In Southern China, the grain most predominately eaten by the Ancient Chinese was rice, which is easy to eat with chopsticks as the rice grains stick together. Chopstick acceptance as an eating tool was easier in the south as the clump of rice was easy to pick up from a bowl.
Benefits of Eating with Chopsticks
Using chopsticks creates a more demanding eating experience. You cannot get as much food in your mouth at one time as using a fork or spoon. Since it takes longer to eat, people may eat less because their appetite will diminish before they have eaten a lot of food.
Using chopsticks requires more hand-eye and hand-brain coordination than eating with your fingers or a fork or spoon. Chopsticks provide different muscle group exercise for the hands and may improve brain development in early childhood.
Using chopsticks gives you a tool to eat with anytime and anywhere. When no fork or spoon is available and eating with your fingers isn’t possible, find any two objects, such as sticks or straws, place them between your fingers and start eating.

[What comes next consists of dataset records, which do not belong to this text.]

(* Let $\epsilon>0$, $\delta\ge0$, $n\ge1$, $\theta_0\in(0,1)$, set $b=e^{-\epsilon}$ and $q=\frac{2\delta b}{1-b+2\delta b}$, let $X\sim\mathrm{Binom}(n,\theta)$ with $\theta$ unknown, and let $Z\mid X\sim\mathrm{Tulap}(X,b,q)$. Define $p(\theta_0,Z):=P(X'+N\ge Z\mid Z)$, where the probability is over independent $X'\sim\mathrm{Binom}(n,\theta_0)$ and $N\sim\mathrm{Tulap}(0,b,q)$ (independent of $Z$). Then: (1) $p(\theta_0,Z)$ is a $p$-value for $H_0:\theta\le\theta_0$ versus $H_1:\theta>\theta_0$; (2) for every $0<\alpha<1$, the test $\phi^*_x=P_{Z\mid X\sim\mathrm{Tulap}(X,b,q)}\big(p(\theta_0,Z)\le\alpha\mid X=x\big)$ is the uniformly most powerful level-$\alpha$ test for $H_0:\theta\le\theta_0$ versus $H_1:\theta>\theta_0$ among $\mathscr D^n_{\epsilon,\delta}$; (3) $p(\theta_0,Z)=\sum_{x=0}^n F_N(x-Z)\binom nx\theta_0^x(1-\theta_0)^{n-x}$, where $F_N$ is the cdf of $\mathrm{Tulap}(0,b,q)$.
   Context: A $p$-value for $H_0:\theta\in\Theta_0$ based on data $Z$ is a random variable $p(Z)\in[0,1]$ such that for every $\theta\in\Theta_0$ and every $0<\alpha<1$, $P_\theta(p(Z)\le\alpha)\le\alpha$. Nearest integer function: $[t]$ is the integer nearest to $t$, with $[z+1/2]$ ($z\in\mathbb{Z}$) defined as the nearest even integer. Tulap distribution: for $m\in\mathbb{R}$, $b\in(0,1)$, $q\in[0,1)$, $N_0\sim\mathrm{Tulap}(m,b,0)$ has cdf $F_{N_0}(x)=\frac{b^{-[x-m]}}{1+b}\big(b+(x-m-[x-m]+\tfrac12)(1-b)\big)$ for $x\leq [m]$ and $F_{N_0}(x)=1-\frac{b^{[x-m]}}{1+b}\big(b+([x-m]-(x-m)+\tfrac12)(1-b)\big)$ for $x>[m]$; and $N\sim \mathrm{Tulap}(m,b,q)$ has cdf $F_N(x)=\frac{F_{N_0}(x)-q/2}{1-q}\,I\{q/2\leq F_{N_0}(x)\leq 1-q/2\}+I\{F_{N_0}(x)>1-q/2\}$. A test is a function $\phi:\{0,\dots,n\}\to[0,1]$ (probability of rejecting when $X=x$). $\mathscr D^n_{\epsilon,\delta}$ is the set of tests $\phi$ such that for all $x\in\{0,\dots,n-1\}$: $\phi_x\le e^\epsilon\phi_{x+1}+\delta$, $\phi_{x+1}\le e^\epsilon\phi_x+\delta$, $1-\phi_x\le e^\epsilon(1-\phi_{x+1})+\delta$, $1-\phi_{x+1}\le e^\epsilon(1-\phi_x)+\delta$. A test $\phi^*\in\Phi$ is uniformly most powerful at level $\alpha$ among $\Phi$ if $\sup_{\theta\in\Theta_0}\mathbb{E}_\theta\phi^*\le\alpha$ and for every $\phi\in\Phi$ with $\sup_{\theta\in\Theta_0}\mathbb{E}_\theta\phi\le\alpha$, $\mathbb{E}_\theta\phi^*\ge\mathbb{E}_\theta\phi$ for all $\theta$ in the alternative. *)

theory Defs
  imports "HOL-Probability.Probability"
begin
(* The Dd-MDP corresponding to any online job scheduling (OJS) instance admits a deterministic chasing oracle whose chasing regret is at most $2\cdot CW$ (for any target pricing policy, any initial round and any initial bandwidth vector).
   Context: OJS problem: there are $N$ slots; slot $i\in[N]$ has bandwidth $c(i)$. $T$ jobs arrive in order $t=1,\dots,T$; job $t$ has arrival slot $a_t$, departure slot $d_t\ge a_t$, length $1\le l_t\le d_t-a_t+1$ and value $v_t\in[0,1)$, chosen by an adversary; jobs are reported at the beginning of their arrival slot in the order of their indices (so $a_1\le a_2\le\cdots\le a_T$). $C\ge\max_ic(i)$ and $W\ge\max_t(d_t-a_t+1)$. Let $A_t=[a_t,a_t+W-1]$ and $\mathcal I_t=\{[i,i+l_t-1]:a_t\le i\le d_t-l_t+1\}$. For job $t$ the mechanism posts $\bm p\in(0,1]^{A_t}$ (before seeing $d_t,l_t,v_t$); the job receives one bandwidth unit of each slot in $\hat A^{\bm p}_t=\emptyset$ if $v_t<\min_{I\in\mathcal I_t}\sum_{i\in I}\bm p(i)$, and otherwise $\hat A^{\bm p}_t=\arg\min_{I\in\mathcal I_t}\sum_{i\in I}\bm p(i)$ (lexicographic ties), paying $\hat q^{\bm p}_t=\sum_{i\in\hat A^{\bm p}_t}\bm p(i)$. The bandwidth vector $\bm\lambda_t\in\{0,\dots,C\}^{A_t}$ records remaining bandwidth: $\bm\lambda_t(i)=c(i)$ if slot $i$ was not allocated to jobs $1,\dots,t-1$, and $\bm\lambda_{t+1}(i)=\bm\lambda_t(i)-1$ if slot $i$ is allocated to job $t$ and $i\in A_{t+1}$. $\bm p$ is feasible for $\bm\lambda$ if $\bm p(i)=1$ whenever $\bm\lambda(i)=0$. A pricing policy maps bandwidth vectors to feasible price vectors. Corresponding Dd-MDP: states are bandwidth vectors; actions at a state are feasible price vectors; reward $f_t(s,x)=\hat q^x_t$; transition $g_t(s,x)=s'$ where $s'(i)=s(i)-\mathbb{1}[i\in\hat A^x_t]$ for $i\in A_t\cap A_{t+1}$ and $s'(i)=c(i)$ for $i\in A_{t+1}\setminus A_t$. A policy $\gamma$ is simulated from the true start: $s^\gamma_1=s_1$, $x^\gamma_t=\gamma(s^\gamma_t)$, $s^\gamma_{t+1}=g_t(s^\gamma_t,x^\gamma_t)$. Chasing oracle: given target policy $\gamma$, invoked at round $t_{\mathrm{init}}$ with an arbitrary initial state $s_{\mathrm{init}}$, it outputs in each round $t\ge t_{\mathrm{init}}$ an action $\hat x(t)$ feasible for $\hat s(t)$, where $\hat s(t_{\mathrm{init}})=s_{\mathrm{init}}$, $\hat s(t)=g_{t-1}(\hat s(t-1),\hat x(t-1))$, observing $g_t,f_t$ after each round; its chasing regret up to any halting round $t_{\mathrm{final}}\ge t_{\mathrm{init}}$ is $\sum_{t=t_{\mathrm{init}}}^{t_{\mathrm{final}}}f_t(s^\gamma_t,x^\gamma_t)-\sum_{t=t_{\mathrm{init}}}^{t_{\mathrm{final}}}\mathbb{E}[f_t(\hat s(t),\hat x(t))]$. *)

theory Defs
  imports Main "HOL.Real"
begin

text \<open>Slots are natural numbers; a job is a tuple (a, d, l, v) = (arrival slot,
  departure slot, length, value).  Rounds (jobs) are indexed 1..T.
  A bandwidth vector on the window A = {a..<a+W} is represented by a function
  nat => nat of which only the values on the window matter; a price vector
  likewise by a function nat => real.\<close>

type_synonym job = "nat \<times> nat \<times> nat \<times> real"

definition window :: "nat \<Rightarrow> nat \<Rightarrow> nat set" where
  "window W a = {a..<a+W}"

definition job_of :: "(nat \<Rightarrow> nat) \<Rightarrow> (nat \<Rightarrow> nat) \<Rightarrow> (nat \<Rightarrow> nat) \<Rightarrow> (nat \<Rightarrow> real) \<Rightarrow> nat \<Rightarrow> job" where
  "job_of a d l v t = (a t, d t, l t, v t)"

definition OJS_instance :: "nat \<Rightarrow> nat \<Rightarrow> nat \<Rightarrow> (nat \<Rightarrow> nat) \<Rightarrow> (nat \<Rightarrow> nat) \<Rightarrow> (nat \<Rightarrow> nat) \<Rightarrow> (nat \<Rightarrow> real) \<Rightarrow> bool" where
  "OJS_instance N W T a d l v \<longleftrightarrow>
     (\<forall>t\<in>{1..T}. 1 \<le> a t \<and> a t \<le> d t \<and> d t \<le> N \<and>
                 1 \<le> l t \<and> l t \<le> d t - a t + 1 \<and>
                 0 \<le> v t \<and> v t < 1 \<and> d t - a t + 1 \<le> W) \<and>
     (\<forall>t\<in>{1..<T}. a t \<le> a (Suc t))"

What are Chopsticks Made From?
The Ancient Chinese made chopsticks from many different materials:
- wood, such as pine, sandalwood, and cedar
- grasses, such as bamboo
- metals, such as bronze, silver and gold
- stones, such as jade, crystal and agate
- animal bones, horns and tusks
Manners When Using Chinese Chopsticks
Here are some rules and manners to follow when using chopsticks.
Don’t do this with chopsticks
Avoid sticking the ends of chopsticks vertically into a bowl of food. When Buddhists offer incense and prayers to a deceased person, they stick the incense into a bowl of rice or sand. Placing chopsticks into your food makes it look like an offering to the dead.

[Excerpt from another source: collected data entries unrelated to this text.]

(* Let $\tau\ge 1$ be an integer and $0<\kappa\le 1$. Let $\mathcal{B}=(B_1,\ldots,B_K)$ be a blockade in a graph, of width $W$. Then there is an equicardinal $(\kappa,\tau)$-support-invariant contraction $\mathcal{B}'=(B_1',\ldots,B_K')$ of $\mathcal{B}$ with width at least $\kappa^{2^K\tau^\tau}W$.
   Context: A blockade in a graph $G$ is a sequence $\mathcal{B}=(B_i:i\in I)$ of pairwise disjoint nonempty subsets of $V(G)$ (blocks), $I$ a finite set of integers; its length is $|I|$, its width is $\min_i|B_i|$; it is equicardinal if all blocks have the same cardinality. A contraction of $\mathcal{B}$ is a blockade $(B_i':i\in I)$ with $\emptyset\ne B_i'\subseteq B_i$ for all $i$. An induced subgraph $H$ of $G$ is $\mathcal{B}$-rainbow if each vertex of $H$ lies in some block and no two lie in the same block; its support is the set of $i\in I$ with $V(H)\cap B_i\neq\emptyset$. The $\mathcal{B}$-ordering of a $\mathcal{B}$-rainbow $H$ is the linear order on $V(H)$ with $u<v$ if $u\in B_i$, $v\in B_j$, $i<j$. An ordered graph is a graph with a linear order of its vertex set; a $\mathcal{B}$-rainbow $H$ is a copy of an ordered graph $J$ if $H$ with its $\mathcal{B}$-ordering is isomorphic to $J$ as ordered graphs. The trace of an ordered graph $J$ relative to $\mathcal{B}$ is the set of supports of all $\mathcal{B}$-rainbow copies of $J$. For $0<\kappa\le1$ and integer $\tau\ge1$, $\mathcal{B}$ is $(\kappa,\tau)$-support-invariant if for every contraction $\mathcal{B}'$ of $\mathcal{B}$ of width at least $\kappa$ times the width of $\mathcal{B}$, and every ordered tree $J$ with $|J|\le\tau$, the trace of $J$ relative to $\mathcal{B}$ equals the trace of $J$ relative to $\mathcal{B}'$. *)

theory Defs
  imports Complex_Main
begin

definition graph :: "'v set \<Rightarrow> ('v \<Rightarrow> 'v \<Rightarrow> bool) \<Rightarrow> bool" where
  "graph V E \<longleftrightarrow> finite V \<and> (\<forall>x y. E x y \<longrightarrow> E y x) \<and> (\<forall>x. \<not> E x x)
      \<and> (\<forall>x y. E x y \<longrightarrow> x \<in> V \<and> y \<in> V)"

definition blockade :: "'v set \<Rightarrow> int set \<Rightarrow> (int \<Rightarrow> 'v set) \<Rightarrow> bool" where
  "blockade V I B \<longleftrightarrow> finite I \<and> (\<forall>i\<in>I. B i \<noteq> {} \<and> B i \<subseteq> V)
      \<and> (\<forall>i\<in>I. \<forall>j\<in>I. i \<noteq> j \<longrightarrow> B i \<inter> B j = {})"

definition width :: "int set \<Rightarrow> (int \<Rightarrow> 'v set) \<Rightarrow> nat" where
  "width I B = Min ((\<lambda>i. card (B i)) ` I)"

definition equicardinal :: "int set \<Rightarrow> (int \<Rightarrow> 'v set) \<Rightarrow> bool" where
  "equicardinal I B \<longleftrightarrow> (\<forall>i\<in>I. \<forall>j\<in>I. card (B i) = card (B j))"

definition contraction :: "'v set \<Rightarrow> int set \<Rightarrow> (int \<Rightarrow> 'v set) \<Rightarrow> (int \<Rightarrow> 'v set) \<Rightarrow> bool" where
  "contraction V I B B' \<longleftrightarrow> blockade V I B' \<and> (\<forall>i\<in>I. B' i \<noteq> {} \<and> B' i \<subseteq> B i)"

text \<open>Ordered graphs: vertex set {0..<n} with the natural order, adjacency JE.\<close>
definition ordered_graph :: "nat \<Rightarrow> (nat \<Rightarrow> nat \<Rightarrow> bool) \<Rightarrow> bool" where
  "ordered_graph n JE \<longleftrightarrow> (\<forall>a b. JE a b \<longrightarrow> JE b a) \<and> (\<forall>a. \<not> JE a a)
      \<and> (\<forall>a b. JE a b \<longrightarrow> a < n \<and> b < n)"

definition og_connected :: "nat \<Rightarrow> (nat \<Rightarrow> nat \<Rightarrow> bool) \<Rightarrow> bool" where
  "og_connected n JE \<longleftrightarrow> (\<forall>a<n. \<forall>b<n. JE\<^sup>*\<^sup>* a b)"

definition is_cycle :: "(nat \<Rightarrow> nat \<Rightarrow> bool) \<Rightarrow> nat list \<Rightarrow> bool" where
  "is_cycle JE cs \<longleftrightarrow> length cs \<ge> 3 \<and> distinct cs
      \<and> (\<forall>k. Suc k < length cs \<longrightarrow> JE (cs ! k) (cs ! Suc k))
      \<and> JE (last cs) (hd cs)"

definition ordered_tree :: "nat \<Rightarrow> (nat \<Rightarrow> nat \<Rightarrow> bool) \<Rightarrow> bool" where
  "ordered_tree n JE \<longleftrightarrow> ordered_graph n JE \<and> n \<ge> 1 \<and> og_connected n JE
      \<and> (\<nexists>cs. is_cycle JE cs)"

text \<open>A B-rainbow copy of the ordered graph (n, JE): the vertex a of J is mapped to
  f a, lying in block phi a; phi is strictly increasing (so distinct vertices lie in
  distinct blocks, and the B-ordering agrees with the order of J), and adjacency in
  the induced subgraph on the image matches J.\<close>
definition rainbow_copy ::
  "('v \<Rightarrow> 'v \<Rightarrow> bool) \<Rightarrow> int set \<Rightarrow> (int \<Rightarrow> 'v set) \<Rightarrow> nat \<Rightarrow> (nat \<Rightarrow> nat \<Rightarrow> bool)
     \<Rightarrow> (nat \<Rightarrow> int) \<Rightarrow> (nat \<Rightarrow> 'v) \<Rightarrow> bool" where
  "rainbow_copy E I B n JE phi f \<longleftrightarrow>
     (\<forall>a<n. phi a \<in> I \<and> f a \<in> B (phi a))
     \<and> (\<forall>a<n. \<forall>b<n. a < b \<longrightarrow> phi a < phi b)
     \<and> (\<forall>a<n. \<forall>b<n. E (f a) (f b) \<longleftrightarrow> JE a b)"

definition trace ::
  "('v \<Rightarrow> 'v \<Rightarrow> bool) \<Rightarrow> int set \<Rightarrow> (int \<Rightarrow> 'v set) \<Rightarrow> nat \<Rightarrow> (nat \<Rightarrow> nat \<Rightarrow> bool) \<Rightarrow> int set set" where
  "trace E I B n JE = {phi ` {0..<n} | phi f. rainbow_copy E I B n JE phi f}"

definition support_invariant ::
  "'v set \<Rightarrow> ('v \<Rightarrow> 'v \<Rightarrow> bool) \<Rightarrow> real \<Rightarrow> nat \<Rightarrow> int set \<Rightarrow> (int \<Rightarrow> 'v set) \<Rightarrow> bool" where
  "support_invariant V E \<kappa> \<tau> I B \<longleftrightarrow>
     (\<forall>B'. contraction V I B B' \<and> real (width I B') \<ge> \<kappa> * real (width I B) \<longrightarrow>
        (\<forall>n JE. ordered_tree n JE \<and> n \<le> \<tau> \<longrightarrow> trace E I B n JE = trace E I B' n JE))"

end

theory Submission
  imports Defs "HOL-Library.FuncSet"
begin

text \<open>Each time a blockade fails to be support-invariant, some contraction of relative width
  at least \<kappa> loses a support of some ordered tree with at most \<tau> vertices; as traces only shrink
  under contraction, the set of realised pairs (tree, support) strictly decreases. A tree on
  \<open>{0..<n}\<close> is determined by its parent function towards the root 0, so there are at most
  \<open>\<tau>\<^sup>\<tau>\<close> such trees and at most \<open>2\<^sup>K \<tau>\<^sup>\<tau>\<close> realised pairs. Hence after at most that many
  contractions we reach a support-invariant blockade, which can finally be trimmed to equal
  block sizes without changing its width.\<close>

locale rooted_tree =
  fixes n :: nat and JE :: "nat \<Rightarrow> nat \<Rightarrow> bool"
  assumes tree: "ordered_tree n JE"
begin

lemma edge_sym: "JE a b \<Longrightarrow> JE b a"
  and no_loop: "\<not> JE a a"
  and edge_bound: "JE a b \<Longrightarrow> a < n \<and> b < n"
  and nonempty: "n \<ge> 1"
  and connected: "a < n \<Longrightarrow> b < n \<Longrightarrow> JE\<^sup>*\<^sup>* a b"
  and acyclic: "\<not> is_cycle JE cs"
  using tree unfolding ordered_tree_def ordered_graph_def og_connected_def by auto

definition depth :: "nat \<Rightarrow> nat" where
  "depth v = (LEAST k. (JE ^^ k) 0 v)"

lemma depth_path: "v < n \<Longrightarrow> (JE ^^ depth v) 0 v"
  unfolding depth_def
  by (rule LeastI_ex) (use connected[of 0 v] nonempty in \<open>auto simp: rtranclp_power\<close>)

lemma depth_le: "(JE ^^ k) 0 v \<Longrightarrow> depth v \<le> k"
  unfolding depth_def by (rule Least_le)

lemma depth_root: "depth 0 = 0"
  using depth_le[of 0 0] by simp

lemma depth_eq_0_iff: "v < n \<Longrightarrow> depth v = 0 \<longleftrightarrow> v = 0"
  using depth_path[of v] depth_root by auto

lemma depth_edge_le: "JE u v \<Longrightarrow> depth v \<le> depth u + 1"
  using depth_path[of u] edge_bound[of u v] by (metis Suc_eq_plus1 depth_le relpowp_Suc_I)

lemma parent_exists:
  assumes "v < n" "v \<noteq> 0"
  shows "\<exists>u. JE u v \<and> depth u + 1 = depth v"
proof -
  obtain k where k: "depth v = Suc k"
    using assms depth_eq_0_iff by (cases "depth v") auto
  with depth_path[OF assms(1)] have "(JE ^^ Suc k) 0 v" by simp
  then obtain u where u: "(JE ^^ k) 0 u" "JE u v" by (rule relpowp_Suc_E)
  have "depth u \<le> k" using u(1) by (rule depth_le)
  with depth_edge_le[OF u(2)] u(2) k show ?thesis by auto
qed

definition parent :: "nat \<Rightarrow> nat" where
  "parent v = (SOME u. JE u v \<and> depth u + 1 = depth v)"

lemma parent_edge_depth: "v < n \<Longrightarrow> v \<noteq> 0 \<Longrightarrow> JE (parent v) v \<and> depth (parent v) + 1 = depth v"
  unfolding parent_def by (rule someI_ex) (rule parent_exists)

definition ancestor :: "nat \<Rightarrow> nat \<Rightarrow> nat" where
  "ancestor x i = (parent ^^ i) x"

lemma ancestor_0 [simp]: "ancestor x 0 = x"
  by (simp add: ancestor_def)

lemma ancestor_depth:
  "x < n \<Longrightarrow> i \<le> depth x \<Longrightarrow> ancestor x i < n \<and> depth (ancestor x i) = depth x - i"
proof (induction i)
  case (Suc i)
  then have x: "ancestor x i < n" "depth (ancestor x i) = depth x - i" by auto
  with Suc.prems have "ancestor x i \<noteq> 0"
    by (metis depth_root zero_less_diff Suc_le_lessD neq0_conv)
  from parent_edge_depth[OF x(1) this] x Suc.prems edge_bound show ?case
    by (auto simp: ancestor_def)
qed simp

lemma ancestor_edge: "x < n \<Longrightarrow> i < depth x \<Longrightarrow> JE (ancestor x i) (ancestor x (Suc i))"
proof -
  assume "x < n" "i < depth x"
  then have x: "ancestor x i < n" "depth (ancestor x i) = depth x - i" "0 < depth x - i"
    using ancestor_depth[of x i] by auto
  then have "ancestor x i \<noteq> 0" using depth_root by (metis less_irrefl)
  from parent_edge_depth[OF x(1) this] show ?thesis by (auto simp: ancestor_def intro: edge_sym)
qed

lemma ancestor_depth_eq_root: "x < n \<Longrightarrow> ancestor x (depth x) = 0"
  using ancestor_depth[of x "depth x"] depth_eq_0_iff by auto

lemma ancestor_chain:
  assumes "x < n" "k \<le> Suc (depth x)"
  shows "successively JE (map (ancestor x) [0..<k])" "distinct (map (ancestor x) [0..<k])"
proof -
  show "successively JE (map (ancestor x) [0..<k])"
    unfolding successively_conv_nth using assms ancestor_edge by auto
  have "inj_on (ancestor x) {0..<k}"
  proof (rule inj_onI)
    fix i j assume "i \<in> {0..<k}" "j \<in> {0..<k}" "ancestor x i = ancestor x j"
    then show "i = j"
      using assms ancestor_depth[OF assms(1), of i] ancestor_depth[OF assms(1), of j] by auto
  qed
  then show "distinct (map (ancestor x) [0..<k])" by (simp add: distinct_map)
qed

Chopsticks are not a musical instrument. Using your chopsticks as drumsticks at the table will get you a stern look from your host.
Avoid using your chopsticks to point at people. Use words to get your point across rather than your chopstick.
Do this with chopsticks
When you want more food from a communal bowl, turn your chopsticks around and use the “clean” end to pick up the food. Alternatively, use a second pair of chopsticks exclusively for picking up food from a communal bowl or plate.
When provided wooden chopsticks that pull apart, remove splinters from the wood from them by rubbing the chopsticks together. Rub them away from your plate to avoid getting wood in your food.
If you have an individual bowl of rice, place small pieces of food on top of the rice. Bring the bowl of rice to your mouth and use your Chinese chopsticks to pick up the food and rice to eat.